*** DATA RECORDS ***

lemma sum_weights_path:
  assumes "descendant x c"
  shows "(\<Sum>u | descendant x u \<and> descendant u c \<and> u \<noteq> c. w u) = depth x - depth c"
proof -
  have "x \<in> V" using descendant_in_V assms by blast
  then show ?thesis using assms
  proof (induction x rule: level_induct)
    case (step x)
    show ?case
    proof (cases "x = c")
      case True
      have no_path: "{u. descendant c u \<and> descendant u c \<and> u \<noteq> c} = {}"
        using descendant_antisym by blast
      show ?thesis using True by (simp add: no_path)
    next
      case False
      then have x: "x \<noteq> r" using step.prems descendant_of_root by auto
      let ?above = "{u. descendant (par x) u \<and> descendant u c \<and> u \<noteq> c}"
      have "descendant (par x) c"
        using descendant_parent_iff step.hyps step.prems False x by blast
      then have IH: "sum w ?above = depth (par x) - depth c"
        using step.IH parent_in_V[OF step.hyps x] level_parent[OF step.hyps x] by simp
      have "{u. descendant x u \<and> descendant u c \<and> u \<noteq> c} = insert x ?above"
        using descendant_parent_iff[OF step.hyps x] False step.prems by auto
      moreover have "x \<notin> ?above"
        using descendant_level_le level_parent[OF step.hyps x] by fastforce
      moreover have "finite ?above"
        using finite_subtree unfolding subtree_def by (rule rev_finite_subset) auto
      ultimately show ?thesis using IH depth_parent[OF step.hyps x] by simp
    qed
  qed
qed

lemma adj_cases:
  assumes "adj x y"
  shows "x \<in> V \<and> y \<in> V \<and>
    ((x \<noteq> r \<and> par x = y \<and> wt x y = w x \<and> depth x = w x + depth y) \<or>
     (y \<noteq> r \<and> par y = x \<and> wt x y = w y \<and> depth y = w y + depth x))"
proof -
  have V: "x \<in> V" "y \<in> V" using assms unfolding tadj_def by auto
  show ?thesis
  proof (cases "x \<noteq> r \<and> par x = y")
    case True
    then show ?thesis using V depth_parent[OF V(1)] unfolding twt_def by simp
  next
    case False
    then have "y \<noteq> r" "par y = x" using assms unfolding tadj_def by auto
    then show ?thesis using False V depth_parent[OF V(2)] unfolding twt_def by auto
  qed
qed

lemma wt_eq_depth_diff:
  assumes "adj x y"
  shows "wt x y = \<bar>depth x - depth y\<bar>"
  using adj_cases[OF assms] by (auto simp: abs_of_pos weight_pos)

lemma wt_child:
  assumes "c \<in> ch v"
  shows "wt v c = w c"
proof -
  have c: "c \<in> V" "c \<noteq> r" "par c = v" using assms mem_children_iff by auto
  then have "adj v c" unfolding tadj_def using parent_in_V by auto
  then show ?thesis using wt_eq_depth_diff depth_parent[OF c(1,2)] weight_pos[OF c(1,2)] c(3) by simp
qed

lemma walk_weight_ge: "is_walk adj xs \<Longrightarrow> \<bar>depth (last xs) - depth (hd xs)\<bar> \<le> walk_weight wt xs"
proof (induction xs rule: rev_induct)
  case (snoc y xs)
  show ?case
  proof (cases "xs = []")
    case True then show ?thesis unfolding walk_weight_def by simp
  next
    case False
    have "is_walk adj xs" "adj (last xs) y" using is_walk_snoc[OF False] snoc.prems by auto
    then show ?thesis
      using snoc.IH walk_weight_snoc[OF False] wt_eq_depth_diff False by auto
  qed
qed (simp add: is_walk_def)

lemma walk_to_descendant:
  assumes "descendant x v"
  shows "\<exists>xs. is_walk adj xs \<and> hd xs = v \<and> last xs = x \<and> walk_weight wt xs = depth x - depth v"
proof -
  have "x \<in> V" using descendant_in_V assms by blast
  then show ?thesis using assms
  proof (induction x rule: level_induct)
    case (step x)
    show ?case
    proof (cases "x = v")
      case True
      then show ?thesis by (intro exI[of _ "[x]"]) (auto simp: is_walk_def walk_weight_def)
    next
      case False
      then have x: "x \<noteq> r" using step.prems descendant_of_root by auto
      have "descendant (par x) v"
        using descendant_parent_iff step.hyps step.prems False x by blast
      then obtain xs where xs: "is_walk adj xs" "hd xs = v" "last xs = par x"
          "walk_weight wt xs = depth (par x) - depth v"
        using step.IH parent_in_V[OF step.hyps x] level_parent[OF step.hyps x] by auto
      have ne: "xs \<noteq> []" using xs(1) unfolding is_walk_def by auto
      have "x \<in> ch (par x)" using step.hyps x mem_children_iff by simp
      then have a: "adj (par x) x" "wt (par x) x = w x"
        using wt_child step.hyps parent_in_V x unfolding tadj_def by auto
      show ?thesis using xs ne a is_walk_snoc[OF ne] walk_weight_snoc[OF ne] depth_parent[OF step.hyps x]
        by (intro exI[of _ "xs @ [x]"]) auto
    qed
  qed
qed
lemma gamma_inv_gen_carrier:
  assumes "g \<in> cgens (n*m)"
  shows "gamma_inv_gen n g \<in> fcarrier (tgens n m)"
proof -
  have "block n i \<in> {1..m}" "block_pos n i \<in> {1..n}" "block n i \<le> m + 1" if "i \<in> {1..n*m}" for i
    using block_range[OF that] by auto
  then show ?thesis
    using assms by (cases g) (auto intro!: fcarrier_mult fcarrier_gen tens_fr_carrier)
qed

lemma prod_list_upt_blocks:
  fixes f :: "nat \<Rightarrow> 'a::monoid_mult"
  shows "prod_list (map f [1..<(j-1)*n+1]) =
    prod_list (map (\<lambda>l. prod_list (map (\<lambda>a. f (a + (l-1)*n)) [1..<n+1])) [1..<j])"
proof (induction j)
  case (Suc j)
  show ?case
  proof (cases "j = 0")
    case False
    have e: "(Suc j - 1) * n + 1 = ((j-1)*n + 1) + n" using False by (cases j) auto
    have "[1..<(Suc j - 1) * n + 1] = [1..<(j-1)*n+1] @ [(j-1)*n+1..<((j-1)*n + 1) + n]"
      unfolding e by (rule upt_add_eq_append) simp
    moreover have "map (\<lambda>a. f (a + s)) [i..<i'] = map f [i+s..<i'+s]" for s i i'
      by (induction i') auto
    then have "map f [(j-1)*n+1..<((j-1)*n + 1) + n] = map (\<lambda>a. f (a + (j-1)*n)) [1..<n+1]"
      by (metis add.commute add.left_commute)
    moreover have "[1..<Suc j] = [1..<j] @ [j]" using False by simp
    ultimately show ?thesis using Suc.IH by simp
  qed simp
qed simp

locale tensor_clifford =
  fixes q :: "'k::field" and n m k :: nat
  assumes two_nonzero: "(2::'k) \<noteq> 0" and q_nonzero: "q \<noteq> 0"
begin

sublocale CL: clifford_rep "cl_rels q (n*m) k" gen q "n*m" k
  using clifford_rels_gen two_nonzero q_nonzero by (simp add: clifford_rep_def clifford_rep_axioms_def)

lemma fr_eq_fprod: "fr r = CL.fprod r"
  using CL.free_hom_fr[of r] by (simp add: free_hom_gen_id)

lemma factor_clifford_rep: "l \<in> {1..m} \<Longrightarrow> clifford_rep (t_rels q n m k) (\<lambda>g. gen (l, g)) q n k"
  unfolding clifford_rep_def clifford_rep_axioms_def clifford_rels_iff
  using two_nonzero q_nonzero by (auto simp: t_rels_def intro!: rel_ideal.generator)

lemma gamma_gen_factor_rels:
  assumes j: "j \<in> {1..m}"
  shows "clifford_rels (cl_rels q (n*m) k) (\<lambda>g. gamma_gen n (j, g)) q n k"
proof -
  let ?s = "(j-1)*n"
  have s: "?s + n \<le> n*m" "?s \<le> n*m"
    using block_offset_le[of j m n n] block_offset_le[of j m 0 n] j by (simp_all add: add.commute)
  show ?thesis
    unfolding gamma_gen_factor
  proof (rule clifford_rels_twist[OF clifford_rels_shift[OF clifford_rels_gen s(1)]])
    fix a assume "a \<in> {1..n}"
    then have a: "a + ?s \<in> {1..n*m}" "?s < a + ?s" using s by auto
    show "commute_mod (cl_rels q (n*m) k) (gen (shift ?s (Om a))) (fr ?s)"
      using CL.om_fprod_commute[OF s(2) a(1)] by (simp add: fr_eq_fprod)
    show "commute_mod (cl_rels q (n*m) k) (gen (shift ?s (Psi a))) (fr ?s)"
      "commute_mod (cl_rels q (n*m) k) (gen (shift ?s (PsiS a))) (fr ?s)"
      using CL.fermion_fprod_commute[OF a(2)] a(1) by (simp_all add: fr_eq_fprod)
  next
    show "rel_cong (cl_rels q (n*m) k) (fr ?s * fr ?s) 1"
      using CL.fprod_square[OF s(2)] by (simp add: fr_eq_fprod)
  qed
qed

*** End of DATA RECORDS ***

▶ **YOUR ASSIGNMENT**
Search the records for the string "Longrightarrow", and copy every line that holds it.

▶ **EXERCISE ANSWER**
lemma walk_weight_ge: "is_walk adj xs \<Longrightarrow> \<bar>depth (last xs) - depth (hd xs)\<bar> \<le> walk_weight wt xs"
lemma factor_clifford_rep: "l \<in> {1..m} \<Longrightarrow> clifford_rep (t_rels q n m k) (\<lambda>g. gen (l, g)) q n k"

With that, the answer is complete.